После паузы Кафафов заключил:
– Езжай туда и разберись. Но дело такое, что надо поставить в известность Степана Петровича. Ступай в больницу, а я пока приготовлю бумаги.
Лыков отправился в клинику Шапиро на Литейном. Всю дорогу он пытался размышлять. Августа Мапететт – та самая порочная барынька, в гости к которой Сергей и поехал. Но убивать-то ее зачем? Тут, конечно, глупость, Азвестопуло здесь ни при чем.

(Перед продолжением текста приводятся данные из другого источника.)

lemma commutator_phi_mem_frac_filt: "m \<in> nc_filt k \<Longrightarrow> p * \<phi> m - \<phi> m * p \<in> frac_filt (Suc k)"
proof -
  assume m: "m \<in> nc_filt k"
  obtain a t where at: "t \<in> S" "p * \<phi> t = \<phi> a" using fraction_exists by blast
  then have "p = \<phi> a * sinv t" using mult_sinv_eq_iff by blast
  then have "p * \<phi> m - \<phi> m * p
      = \<phi> a * (sinv t * \<phi> m - \<phi> m * sinv t) + (\<phi> a * \<phi> m - \<phi> m * \<phi> a) * sinv t"
    by (simp only: commutator_mult_left)
  also have "\<dots> = \<phi> a * (sinv t * \<phi> (m * t - t * m) * sinv t) + \<phi> (a * m - m * a) * sinv t"
    by (simp only: hom_simps sinv_commutator[OF at(1)])
  also have "\<dots> \<in> frac_filt (Suc k)"
  proof (rule frac_filt_add)
    show "\<phi> a * (sinv t * \<phi> (m * t - t * m) * sinv t) \<in> frac_filt (Suc k)"
      using m by (intro frac_filt_mult_left frac_filt_mult_right phi_mem_frac_filt nc_filt_commutator)
    have "a * m - m * a \<in> nc_filt (Suc k)"
      using nc_filt_minus[OF nc_filt_commutator[OF m, of a]] by simp
    then show "\<phi> (a * m - m * a) * sinv t \<in> frac_filt (Suc k)"
      by (intro frac_filt_mult_right phi_mem_frac_filt)
  qed
  finally show ?thesis .
qed

lemma commutator_mem_frac_filt: "q \<in> frac_filt k \<Longrightarrow> p * q - q * p \<in> frac_filt (Suc k)"
proof -
  assume q: "q \<in> frac_filt k"
  obtain s m where sm: "s \<in> S" "m \<in> nc_filt k" "q = \<phi> m * sinv s"
    using q unfolding frac_filt_iff by blast
  have "p * \<phi> s - \<phi> s * p \<in> frac_filt (Suc 0)"
    by (rule commutator_phi_mem_frac_filt) (simp add: nc_filt_0)
  from frac_filt_mult[OF q this] have "q * (p * \<phi> s - \<phi> s * p) * sinv s \<in> frac_filt (Suc k)"
    by (simp add: frac_filt_mult_right)
  moreover have "\<phi> m * (sinv s * p - p * sinv s) = q * (p * \<phi> s - \<phi> s * p) * sinv s"
    using sinv_commutator[OF sm(1), of p] sm(3) by (simp only: mult.assoc)
  ultimately have "\<phi> m * (p * sinv s - sinv s * p) \<in> frac_filt (Suc k)"
    using frac_filt_minus by (metis minus_diff_eq mult_minus_right)
  moreover have "(p * \<phi> m - \<phi> m * p) * sinv s \<in> frac_filt (Suc k)"
    by (intro frac_filt_mult_right commutator_phi_mem_frac_filt sm(2))
  ultimately show ?thesis
    using commutator_mult_right[of p "\<phi> m" "sinv s"] sm(3) frac_filt_add by simp
qed

lemma lie_pow_subset_frac_filt: "lie_pow k \<subseteq> frac_filt k"
proof (induction k)
  case 0
  then show ?case by (simp add: frac_filt_0)
next
  case (Suc k)
  show ?case unfolding lie_pow.simps
  proof (rule addcl_least)
    show "{a * x - x * a |a x. x \<in> lie_pow k} \<subseteq> frac_filt (Suc k)"
      using Suc.IH commutator_mem_frac_filt by blast
  qed (simp_all add: frac_filt_zero frac_filt_add frac_filt_minus)
qed

lemma nc_monomial_mem_frac_filt: "nc_monomial d h \<Longrightarrow> h \<in> frac_filt d"
proof (induction rule: nc_monomial.induct)
  case one
  then show ?case by (simp add: frac_filt_0)
next
  case (step x k d h b)
  have "x * b \<in> frac_filt k"
    using lie_pow_subset_frac_filt step.hyps(1) by (blast intro: frac_filt_mult_right)
  then show ?case using frac_filt_mult step.IH by blast
qed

Но схватили и обвинили именно его. Как такое могло случиться? Подставили, спровоцировали, подбросили улики и нашли лжесвидетелей? Единственное объяснение, ежели «улики бесспорные». Но как это сделали? Если только напоили питерского гостя до беспамятства… Зарезали бабу, его положили на труп и сунули в руку нож. А потом вызвали полицию. Собственно, Кафафов уже предположил такой вариант. А другого, пожалуй, и нет.
Подходя к палате, где лежала несчастная Ольга Константиновна Белецкая, Лыков уже взял себя в руки. Конечно, директору сейчас не до него. Любимая жена, мать четверых детей который день между жизнью и смертью. Но доложиться необходимо.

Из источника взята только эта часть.